## Task data
(* Let $E$ and $F$ be complex Banach spaces, let $A_m:\mathrm{dom}(A_m)\subseteq E\to E$ and $B:\mathrm{dom}(B)\subseteq F\to F$ be linear operators, and let $L:\mathrm{dom}(A_m)\to F$ be linear, surjective and bounded with respect to the graph norm of $A_m$. Assume that the restriction $A_0$ of $A_m$ to $\ker(L)$ generates a strongly continuous semigroup $(T_0(t))_{t\ge0}$ on $E$, that $B$ generates a strongly continuous semigroup $(S(t))_{t\ge0}$ on $F$, that $x\mapsto(A_mx,Lx)$, $\mathrm{dom}(A_m)\to E\times F$, is closed, and that $A_0$ and $B$ are boundedly invertible. Let $D_0:=(L|_{\ker(A_m)})^{-1}:F\to E$. For $y\in\mathrm{dom}(B)$ and $t\ge0$ let $Q(t)y=D_0S(t)y-T_0(t)D_0y-\int_0^tT_0(t-s)D_0S(s)By\,\mathrm{d}s$, and assume that each $Q(t)$ extends to a bounded operator $F\to E$ with $\limsup_{t\downarrow0}\|Q(t)\|<\infty$; let $(\mathcal{T}(t))_{t\ge0}$ be the $C_0$-semigroup on $E\times F$ given by $\mathcal{T}(t)=\begin{pmatrix}T_0(t)&Q(t)\\0&S(t)\end{pmatrix}$. For each $\tau>0$ let $V(\tau):\mathrm{dom}(B)\to E$ be a linear operator, put $\mathbb{T}(\tau)=\begin{pmatrix}T_0(\tau)&V(\tau)\\0&S(\tau)\end{pmatrix}$ acting on $E\times\mathrm{dom}(B)$, and let $V_k(\tau)=\sum_{j=0}^{k-1}T_0((k-1-j)\tau)V(\tau)S(j\tau)$ for $k\in\mathbb{N}$. Let $\mathcal{R}_0=\begin{pmatrix}I&-D_0\\0&I\end{pmatrix}$. Let $y\in\mathrm{dom}(B)$ and suppose that \[ \lim_{n\to\infty}V_n(\tfrac tn)y=-\int_0^tT_0(t-s)D_0S(s)By\,\mathrm{d}s \] uniformly for $t$ in compact subsets of $[0,\infty)$. Then for every $x\in E$ and every $t_{\max}>0$, \[ \lim_{n\to\infty}\mathcal{R}_0^{-1}\mathbb{T}(\tfrac tn)^n\mathcal{R}_0\binom{x}{y}=\mathcal{T}(t)\binom{x}{y} \] uniformly for $t\in[0,t_{\max}]$.
   Context: Under the stated assumptions $D_0$ is bounded, and the semigroup $(\mathcal{T}(t))_{t\ge0}$ is the one generated by the operator $\mathrm{diag}(A_m,B)$ on $E\times F$ with domain $\{(x,y)\in\mathrm{dom}(A_m)\times\mathrm{dom}(B):Lx=y\}$. Here $\mathcal{R}_0^{-1}=\begin{pmatrix}I&D_0\\0&I\end{pmatrix}$. *)

theory Defs
  imports "HOL-Analysis.Analysis"
begin

text \<open>Partially defined (possibly unbounded) linear operator: a function A together
  with a linear subspace D (its domain); values of A outside D are irrelevant.\<close>
definition linear_op :: "'a::real_vector set \<Rightarrow> ('a \<Rightarrow> 'b::real_vector) \<Rightarrow> bool" where
  "linear_op D A \<longleftrightarrow> subspace D \<and>
     (\<forall>x\<in>D. \<forall>z\<in>D. A (x + z) = A x + A z) \<and>
     (\<forall>c x. x \<in> D \<longrightarrow> A (c *\<^sub>R x) = c *\<^sub>R A x)"

definition c0_semigroup :: "(real \<Rightarrow> 'a::real_normed_vector \<Rightarrow> 'a) \<Rightarrow> bool" where
  "c0_semigroup T \<longleftrightarrow> (\<forall>t\<ge>0. bounded_linear (T t)) \<and> T 0 = id \<and>
     (\<forall>s\<ge>0. \<forall>t\<ge>0. T (s + t) = T s \<circ> T t) \<and>
     (\<forall>x. ((\<lambda>t. T t x) \<longlongrightarrow> x) (at_right 0))"

definition is_generator :: "(real \<Rightarrow> 'a::real_normed_vector \<Rightarrow> 'a) \<Rightarrow> 'a set \<Rightarrow> ('a \<Rightarrow> 'a) \<Rightarrow> bool" where
  "is_generator T D A \<longleftrightarrow>
     D = {x. \<exists>l. ((\<lambda>h. (1 / h) *\<^sub>R (T h x - x)) \<longlongrightarrow> l) (at_right 0)} \<and>
     (\<forall>x\<in>D. ((\<lambda>h. (1 / h) *\<^sub>R (T h x - x)) \<longlongrightarrow> A x) (at_right 0))"

definition generates_c0 :: "'a::real_normed_vector set \<Rightarrow> ('a \<Rightarrow> 'a) \<Rightarrow> (real \<Rightarrow> 'a \<Rightarrow> 'a) \<Rightarrow> bool" where
  "generates_c0 D A T \<longleftrightarrow> c0_semigroup T \<and> is_generator T D A"

definition boundedly_invertible :: "'a::real_normed_vector set \<Rightarrow> ('a \<Rightarrow> 'b::real_normed_vector) \<Rightarrow> bool" where
  "boundedly_invertible D A \<longleftrightarrow> bij_betw A D UNIV \<and> bounded_linear (the_inv_into D A)"

definition dirichlet_op :: "'e set \<Rightarrow> ('e \<Rightarrow> 'e::zero) \<Rightarrow> ('e \<Rightarrow> 'f) \<Rightarrow> 'f \<Rightarrow> 'e" where
  "dirichlet_op D Am L y = (THE x. x \<in> D \<and> Am x = 0 \<and> L x = y)"

definition Vk :: "(real \<Rightarrow> 'e \<Rightarrow> 'e::real_normed_vector) \<Rightarrow> (real \<Rightarrow> 'f \<Rightarrow> 'e) \<Rightarrow> (real \<Rightarrow> 'f \<Rightarrow> 'f)
    \<Rightarrow> nat \<Rightarrow> real \<Rightarrow> 'f \<Rightarrow> 'e" where
  "Vk T0 V S k \<tau> y = (\<Sum>j<k. T0 (real (k - 1 - j) * \<tau>) (V \<tau> (S (real j * \<tau>) y)))"

definition bbT :: "(real \<Rightarrow> 'e \<Rightarrow> 'e::real_normed_vector) \<Rightarrow> (real \<Rightarrow> 'f \<Rightarrow> 'e) \<Rightarrow> (real \<Rightarrow> 'f \<Rightarrow> 'f)
    \<Rightarrow> real \<Rightarrow> 'e \<times> 'f \<Rightarrow> 'e \<times> 'f" where
  "bbT T0 V S \<tau> p = (T0 \<tau> (fst p) + V \<tau> (snd p), S \<tau> (snd p))"

definition calT :: "(real \<Rightarrow> 'e \<Rightarrow> 'e::real_normed_vector) \<Rightarrow> (real \<Rightarrow> 'f \<Rightarrow> 'e) \<Rightarrow> (real \<Rightarrow> 'f \<Rightarrow> 'f)
    \<Rightarrow> real \<Rightarrow> 'e \<times> 'f \<Rightarrow> 'e \<times> 'f" where
  "calT T0 Q S t p = (T0 t (fst p) + Q t (snd p), S t (snd p))"

definition R0 :: "('f \<Rightarrow> 'e::real_normed_vector) \<Rightarrow> 'e \<times> 'f \<Rightarrow> 'e \<times> 'f" where
  "R0 D0 p = (fst p - D0 (snd p), snd p)"

definition R0inv :: "('f \<Rightarrow> 'e::real_normed_vector) \<Rightarrow> 'e \<times> 'f \<Rightarrow> 'e \<times> 'f" where
  "R0inv D0 p = (fst p + D0 (snd p), snd p)"

end

theory Submission
  imports Defs
begin

text \<open>Conjugating by \<open>R\<^sub>0\<close> turns the triangular matrix \<open>\<bbbT>(t/n)\<^sup>n\<close> into one with diagonal
  \<open>T\<^sub>0(t)\<close>, \<open>S(t)\<close> and upper right entry \<open>D\<^sub>0 S(t) - T\<^sub>0(t) D\<^sub>0 + V\<^sub>n(t/n)\<close>. On \<open>dom(B)\<close> the
  corresponding entry of \<open>\<T>(t)\<close> is \<open>Q(t) = D\<^sub>0 S(t) - T\<^sub>0(t) D\<^sub>0 - \<integral>\<^sub>0\<^sup>t T\<^sub>0(t-s) D\<^sub>0 S(s) B ds\<close>,
  so the error at \<open>(x, y)\<close> is exactly \<open>V\<^sub>n(t/n) y + \<integral>\<^sub>0\<^sup>t T\<^sub>0(t-s) D\<^sub>0 S(s) B y ds\<close>, which
  tends to zero uniformly by hypothesis.\<close>

lemma c0_semigroup_zero: "c0_semigroup T \<Longrightarrow> T 0 = id"
  unfolding c0_semigroup_def by blast

lemma c0_semigroup_bounded_linear: "c0_semigroup T \<Longrightarrow> t \<ge> 0 \<Longrightarrow> bounded_linear (T t)"
  unfolding c0_semigroup_def by blast

lemma c0_semigroup_apply_add:
  "c0_semigroup T \<Longrightarrow> s \<ge> 0 \<Longrightarrow> t \<ge> 0 \<Longrightarrow> T s (T t x) = T (s + t) x"
  unfolding c0_semigroup_def by (metis comp_apply)

lemma Vk_Suc:
  assumes T0: "c0_semigroup T0" and "\<tau> \<ge> 0"
  shows "Vk T0 V S (Suc n) \<tau> b = T0 \<tau> (Vk T0 V S n \<tau> b) + V \<tau> (S (real n * \<tau>) b)"
proof -
  have "T0 \<tau> (Vk T0 V S n \<tau> b) = (\<Sum>j<n. T0 \<tau> (T0 (real (n - 1 - j) * \<tau>) (V \<tau> (S (real j * \<tau>) b))))"
    unfolding Vk_def
    by (rule linear_sum[OF bounded_linear.linear[OF c0_semigroup_bounded_linear[OF T0 \<open>\<tau> \<ge> 0\<close>]]])
  also have "\<dots> = (\<Sum>j<n. T0 (real (Suc n - 1 - j) * \<tau>) (V \<tau> (S (real j * \<tau>) b)))"
  proof (rule sum.cong)
    fix j assume "j \<in> {..<n}"
    then have "\<tau> + real (n - 1 - j) * \<tau> = real (Suc n - 1 - j) * \<tau>"
      by (simp add: of_nat_diff algebra_simps)
    then show "T0 \<tau> (T0 (real (n - 1 - j) * \<tau>) (V \<tau> (S (real j * \<tau>) b)))
        = T0 (real (Suc n - 1 - j) * \<tau>) (V \<tau> (S (real j * \<tau>) b))"
      using c0_semigroup_apply_add[OF T0 \<open>\<tau> \<ge> 0\<close>] \<open>\<tau> \<ge> 0\<close> by simp
  qed simp
  finally show ?thesis
    unfolding Vk_def by (simp add: c0_semigroup_zero[OF T0])
qed

lemma bbT_power:
  assumes T0: "c0_semigroup T0" and S: "c0_semigroup S" and "\<tau> \<ge> 0"
  shows "(bbT T0 V S \<tau> ^^ n) (a, b) = (T0 (real n * \<tau>) a + Vk T0 V S n \<tau> b, S (real n * \<tau>) b)"
proof (induction n)
  case 0
  then show ?case by (simp add: Vk_def c0_semigroup_zero[OF T0] c0_semigroup_zero[OF S])
next
  case (Suc n)
  have T0_add: "T0 \<tau> (u + v) = T0 \<tau> u + T0 \<tau> v" for u v
    by (rule linear_add[OF bounded_linear.linear[OF c0_semigroup_bounded_linear[OF T0 \<open>\<tau> \<ge> 0\<close>]]])
  show ?case
    using Suc \<open>\<tau> \<ge> 0\<close>
    by (simp add: bbT_def T0_add Vk_Suc[OF T0] c0_semigroup_apply_add[OF T0]
        c0_semigroup_apply_add[OF S] algebra_simps)
qed

lemma R0inv_bbT_power_R0:
  assumes T0: "c0_semigroup T0" and S: "c0_semigroup S" and "t \<ge> 0" and "n > 0"
  shows "R0inv D ((bbT T0 V S (t / real n) ^^ n) (R0 D (x, y)))
    = (T0 t x + (D (S t y) - T0 t (D y) + Vk T0 V S n (t / real n) y), S t y)"
proof -
  have "real n * (t / real n) = t"
    using \<open>n > 0\<close> by simp
  moreover have "T0 t (x - D y) = T0 t x - T0 t (D y)"
    by (rule linear_diff[OF bounded_linear.linear[OF c0_semigroup_bounded_linear[OF T0 \<open>t \<ge> 0\<close>]]])
  ultimately show ?thesis
    using \<open>t \<ge> 0\<close> by (simp add: R0_def R0inv_def bbT_power[OF T0 S])
qed

lemma uniform_limit_dist_transfer:
  assumes "uniform_limit K f g F"
    and "eventually (\<lambda>n. \<forall>t\<in>K. dist (f' n t) (g' t) = dist (f n t) (g t)) F"
  shows "uniform_limit K f' g' F"
  unfolding uniform_limit_iff
proof (intro allI impI)
  fix e :: real assume "e > 0"
  with assms(1) have "eventually (\<lambda>n. \<forall>t\<in>K. dist (f n t) (g t) < e) F"
    unfolding uniform_limit_iff by blast
  with assms(2) show "eventually (\<lambda>n. \<forall>t\<in>K. dist (f' n t) (g' t) < e) F"
    by eventually_elim simp
qed

theorem proposition3p4:
  fixes domAm :: "'e::banach set" and Am :: "'e \<Rightarrow> 'e"
    and domB :: "'f::banach set" and B :: "'f \<Rightarrow> 'f"
    and L :: "'e \<Rightarrow> 'f"
    and T0 :: "real \<Rightarrow> 'e \<Rightarrow> 'e" and S :: "real \<Rightarrow> 'f \<Rightarrow> 'f"
    and Q :: "real \<Rightarrow> 'f \<Rightarrow> 'e" and V :: "real \<Rightarrow> 'f \<Rightarrow> 'e"
    and y :: 'f
  assumes Am_lin: "linear_op domAm Am"
    and B_lin: "linear_op domB B"
    and L_lin: "linear_op domAm L"
    and L_surj: "L ` domAm = UNIV"
    and L_bdd: "\<exists>C. \<forall>x\<in>domAm. norm (L x) \<le> C * (norm x + norm (Am x))"
    and A0_gen: "generates_c0 {x \<in> domAm. L x = 0} Am T0"
    and B_gen: "generates_c0 domB B S"
    and closed_graph: "closed ((\<lambda>x. (x, (Am x, L x))) ` domAm)"
    and A0_inv: "boundedly_invertible {x \<in> domAm. L x = 0} Am"
    and B_inv: "boundedly_invertible domB B"
    and Q_bdd: "\<forall>t\<ge>0. bounded_linear (Q t)"
    and Q_eq: "\<forall>t\<ge>0. \<forall>z\<in>domB. Q t z =
        dirichlet_op domAm Am L (S t z) - T0 t (dirichlet_op domAm Am L z)
        - integral {0..t} (\<lambda>s. T0 (t - s) (dirichlet_op domAm Am L (S s (B z))))"
    and Q_limsup: "Limsup (at_right 0) (\<lambda>t. ereal (onorm (Q t))) < \<infinity>"
    and V_lin: "\<forall>\<tau>>0. linear_op domB (V \<tau>)"
    and y_dom: "y \<in> domB"
    and V_conv: "\<forall>K. compact K \<and> K \<subseteq> {0..} \<longrightarrow>
        uniform_limit K (\<lambda>n t. Vk T0 V S n (t / real n) y)
          (\<lambda>t. - integral {0..t} (\<lambda>s. T0 (t - s) (dirichlet_op domAm Am L (S s (B y)))))
          sequentially"
  shows "\<forall>x tmax. tmax > 0 \<longrightarrow>
     uniform_limit {0..tmax}
       (\<lambda>n t. R0inv (dirichlet_op domAm Am L)
                 ((bbT T0 V S (t / real n) ^^ n) (R0 (dirichlet_op domAm Am L) (x, y))))
       (\<lambda>t. calT T0 Q S t (x, y)) sequentially"
proof (intro allI impI)
  fix x :: 'e and tmax :: real
  let ?D = "dirichlet_op domAm Am L"
  let ?I = "\<lambda>t. integral {0..t} (\<lambda>s. T0 (t - s) (?D (S s (B y))))"
  have T0: "c0_semigroup T0" and S: "c0_semigroup S"
    using A0_gen B_gen unfolding generates_c0_def by auto
  have error_eq: "dist (R0inv ?D ((bbT T0 V S (t / real n) ^^ n) (R0 ?D (x, y)))) (calT T0 Q S t (x, y))
      = dist (Vk T0 V S n (t / real n) y) (- ?I t)" if "t \<ge> 0" "n > 0" for n t
  proof -
    have "Q t y = ?D (S t y) - T0 t (?D y) - ?I t"
      using Q_eq y_dom \<open>t \<ge> 0\<close> by blast
    then show ?thesis
      using that by (simp add: R0inv_bbT_power_R0[OF T0 S] calT_def dist_Pair_Pair dist_norm)
  qed
  have Vk_limit: "uniform_limit {0..tmax} (\<lambda>n t. Vk T0 V S n (t / real n) y) (\<lambda>t. - ?I t) sequentially"
    using V_conv by simp
  show "uniform_limit {0..tmax}
      (\<lambda>n t. R0inv ?D ((bbT T0 V S (t / real n) ^^ n) (R0 ?D (x, y))))
      (\<lambda>t. calT T0 Q S t (x, y)) sequentially"
    by (rule uniform_limit_dist_transfer[OF Vk_limit eventually_mono[OF eventually_gt_at_top[of 0]]])
      (simp add: error_eq)
qed

end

## Directions for this task
Please copy each line of the records above in which the word "rule" can be found.

## Answer below
    by (rule linear_sum[OF bounded_linear.linear[OF c0_semigroup_bounded_linear[OF T0 \<open>\<tau> \<ge> 0\<close>]]])
  proof (rule sum.cong)
    by (rule linear_add[OF bounded_linear.linear[OF c0_semigroup_bounded_linear[OF T0 \<open>\<tau> \<ge> 0\<close>]]])
    by (rule linear_diff[OF bounded_linear.linear[OF c0_semigroup_bounded_linear[OF T0 \<open>t \<ge> 0\<close>]]])
    by (rule uniform_limit_dist_transfer[OF Vk_limit eventually_mono[OF eventually_gt_at_top[of 0]]])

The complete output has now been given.